Here, we use the function to generate individual EBE metrics for each considered stage, by assuming that sleep staging is allowed by the device. The cbind function is used to concatenate the information on each stage in a single output.

(ebe <- cbind(indEBE(data = raw.data, stage = 0, stageLabel = "wake", doPlot = FALSE, digits = 2),
              indEBE(data = raw.data, stage = 1, stageLabel = "light", doPlot = FALSE, digits = 2)[,2:4],
              indEBE(data = raw.data, stage = 2, stageLabel = "deep", doPlot = FALSE, digits = 2)[,2:4],
              indEBE(data = raw.data, stage = 3, stageLabel = "REM", doPlot = FALSE, digits = 2)[,2:4]))

SLEEP/WAKE

Here, we use the function to generate individual accuracy metrics for sleep and wake detection, by assuming that only sleep/wake patterns (and not sleep staging) are allowed by the device. Note that only sleep-related metrics (and not wake-related metrics) are reported, since with binary data the metrics for a given category mirror those of the other category (i.e., wake sensitivity is sleep specificity and vice versa, whereas accuracy is the same for both categories).
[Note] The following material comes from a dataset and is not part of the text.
(* Let $0<\beta<1$, $-1<\rho<1$, $\beta_\ast=1-\beta$, $\rho_\ast=\sqrt{1-\rho^2}$, $V>0$ and $a\in\mathbb R$. Define $\beta'=\frac{\beta}{1-\beta_\ast\rho^2}$, $\beta_\ast'=1-\beta'=\frac{\beta_\ast\rho_\ast^2}{1-\beta_\ast\rho^2}$ and $\bar F'=\left|\frac{\beta_\ast'}{\beta_\ast}a\right|^{1/\beta_\ast'}$. Let $F\ge0$ be a random variable with $$\mathrm{Prob}(F\ge y)=P_{\chi^2}\!\left(\frac{a^2}{\beta_\ast^2V};\ \frac{1-\beta_\ast\rho^2}{\beta_\ast\rho_\ast^2},\ \frac{y^{2\beta_\ast}}{\beta_\ast^2V}\right)\quad\text{for all }y>0.$$ Then $Y:=\left(\frac{\beta_\ast'}{\beta_\ast}F^{\beta_\ast}\right)^{1/\beta_\ast'}$ has law $\mathrm{CEV}_{\beta'}(\bar F',V)$, i.e. $\mathrm{Prob}(Y\ge y')=P_{\chi^2}\!\left(\frac{(\bar F')^{2\beta_\ast'}}{\beta_\ast'^2V};\ \frac1{\beta_\ast'},\ \frac{(y')^{2\beta_\ast'}}{\beta_\ast'^2V}\right)$ for all $y'>0$; equivalently $F=(\beta_\ast/\beta_\ast')^{1/\beta_\ast}Y^{\beta_\ast'/\beta_\ast}$. In particular $E\!\left[F^{\beta_\ast/\beta_\ast'}\right]=|a|^{1/\beta_\ast'}$.
   Context: $P_{\chi^2}(x;\delta,r)$ is the distribution function at $x$ of the noncentral chi-squared law with $\delta$ degrees of freedom and noncentrality $r$. For $0<b<1$, $b_\ast=1-b$, $F_0\ge0$ and $V>0$, $\mathrm{CEV}_b(F_0,V)$ denotes the law at time $1$ of the process $\mathrm{d}F_s=\sqrt V F_s^{b}\,\mathrm{d}B_s$ started at $F_0$ and absorbed at $0$; its complementary distribution function is $\mathrm{Prob}(F_1>y)=P_{\chi^2}\!\left(\frac{F_0^{2b_\ast}}{b_\ast^2V};\frac1{b_\ast},\frac{y^{2b_\ast}}{b_\ast^2V}\right)$ for $y>0$, and its mean is $F_0$. In the SABR application, $a=F_t^{\beta_\ast}+\frac{\beta_\ast\rho}{\nu}(\sigma_{t+h}-\sigma_t)$ and $V=\rho_\ast^2\sigma_t^2hI_t^h$. *)

theory Defs
  imports "HOL-Probability.Probability"
begin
(ebe.dic <- indEBE(data = dic.data, stage = 5, stageLabel = "sleep", doPlot = FALSE, digits = 2))

3.2.1. Data visualization

Here, we show how the output can be used to generate boxplots of sensitivity levels in each stage (the same applies to specificity or accuracy by substituting “sens” with “spec” or “acc”, respectively). Then, we set doPlot = TRUE to plot the results for each accuracy metric (using a table format).

SLEEP STAGING

Here, boxplots are generated by assuming that sleep staging is allowed by the device.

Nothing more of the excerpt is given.